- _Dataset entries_
★ ★ ★ ★
theorem lemma3p3:
  fixes M :: "nat \<Rightarrow> 'a measure"
    and T :: "nat \<Rightarrow> 'a \<Rightarrow> nat list set"
    and ty :: "nat \<Rightarrow> 'a \<Rightarrow> nat list \<Rightarrow> 's::countable"
    and D :: "nat \<Rightarrow> 'a \<Rightarrow> nat list \<Rightarrow> real"
    and a b :: "nat \<Rightarrow> real"
    and N :: "'b measure"
    and X :: "'b \<Rightarrow> real \<Rightarrow> real \<times> real"
  assumes valid: "\<And>n. valid_law (M n) (T n) (ty n) (D n)"
    and a_pos: "\<And>n. a n > 0" and b_pos: "\<And>n. b n > 0"
    and a_lim: "a \<longlonglongrightarrow> 0" and b_lim: "b \<longlonglongrightarrow> 0"
    and X_proc: "cont_process N X"
    and conv: "\<And>G. bcont_functional G \<Longrightarrow>
        (\<lambda>n. sym_expect (M n) (T n) (D n)
               (\<lambda>t d. G (\<lambda>s. (a n * contour_fun t s, b n * label_fun t d s))))
        \<longlonglongrightarrow> (\<integral>\<omega>. G (X \<omega>) \<partial>N)"
  shows "\<forall>\<beta>>0. \<exists>\<alpha>>0. limsup (\<lambda>n. ereal (measure (M n)
           {\<omega>\<in>space (M n). \<exists>i j. i \<le> 2 * card (T n \<omega>) - 2 \<and> j \<le> 2 * card (T n \<omega>) - 2
              \<and> \<bar>int i - int j\<bar> \<le> \<lfloor>\<alpha> * real (card (T n \<omega>))\<rfloor>
              \<and> a n * real (tree_dist (theta (T n \<omega>) i) (theta (T n \<omega>) j)) > \<beta>})) < ereal \<beta>"
proof (intro allI impI)
  fix \<beta> :: real assume "\<beta> > 0"
  obtain \<alpha> where "\<alpha> > 0" and small: "(\<integral>\<omega>. modulus_functional \<alpha> \<beta> (X \<omega>) \<partial>N) < \<beta>"
    using exists_modulus_functional_integral_less[OF X_proc \<open>\<beta> > 0\<close>] by blast
  define h where "h n t = ramp \<beta> (cont_modulus \<alpha> (\<lambda>s. a n * contour_fun t s))" for n t
  have "(\<lambda>n. \<integral>\<omega>. h n (T n \<omega>) \<partial>M n) \<longlonglongrightarrow> (\<integral>\<omega>. modulus_functional \<alpha> \<beta> (X \<omega>) \<partial>N)"
    using conv[OF bcont_modulus_functional] \<open>\<alpha> > 0\<close> \<open>\<beta> > 0\<close>
    by (simp add: modulus_functional_def h_def ramp_nonneg
        flip: sym_expect_tree_functional[OF valid, of "h _", unfolded h_def])
  moreover have "measure (M n) {\<omega> \<in> space (M n). distant_pair_in_window \<alpha> (a n) \<beta> (T n \<omega>)}
      \<le> (\<integral>\<omega>. h n (T n \<omega>) \<partial>M n)" for n
    using valid[of n] \<open>\<alpha> > 0\<close> \<open>\<beta> > 0\<close> a_pos[of n]
    by (intro measure_tree_event_le_integral)
      (auto simp: valid_law_def h_def ramp_nonneg ramp_le_one ramp_cont_modulus_eq_one)
  ultimately have "limsup (\<lambda>n. ereal (measure (M n)
      {\<omega> \<in> space (M n). distant_pair_in_window \<alpha> (a n) \<beta> (T n \<omega>)})) < ereal \<beta>"
    using small by (intro limsup_less_if_le_tendsto)
  then show "\<exists>\<alpha>>0. limsup (\<lambda>n. ereal (measure (M n)
           {\<omega>\<in>space (M n). \<exists>i j. i \<le> 2 * card (T n \<omega>) - 2 \<and> j \<le> 2 * card (T n \<omega>) - 2
              \<and> \<bar>int i - int j\<bar> \<le> \<lfloor>\<alpha> * real (card (T n \<omega>))\<rfloor>
              \<and> a n * real (tree_dist (theta (T n \<omega>) i) (theta (T n \<omega>) j)) > \<beta>})) < ereal \<beta>"
    using \<open>\<alpha> > 0\<close> unfolding distant_pair_in_window_def by blast
qed

end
★ ★ ★ ★
- _HOW TO COMPLETE THIS TASK_
Looking at the records above, return exactly the lines from the line with "using exists_modulus_functional_integral_less[OF X_proc" to the line with "define h where", both ends included.

- _ANSWER TO THIS TASK_
    using exists_modulus_functional_integral_less[OF X_proc \<open>\<beta> > 0\<close>] by blast
  define h where "h n t = ramp \<beta> (cont_modulus \<alpha> (\<lambda>s. a n * contour_fun t s))" for n t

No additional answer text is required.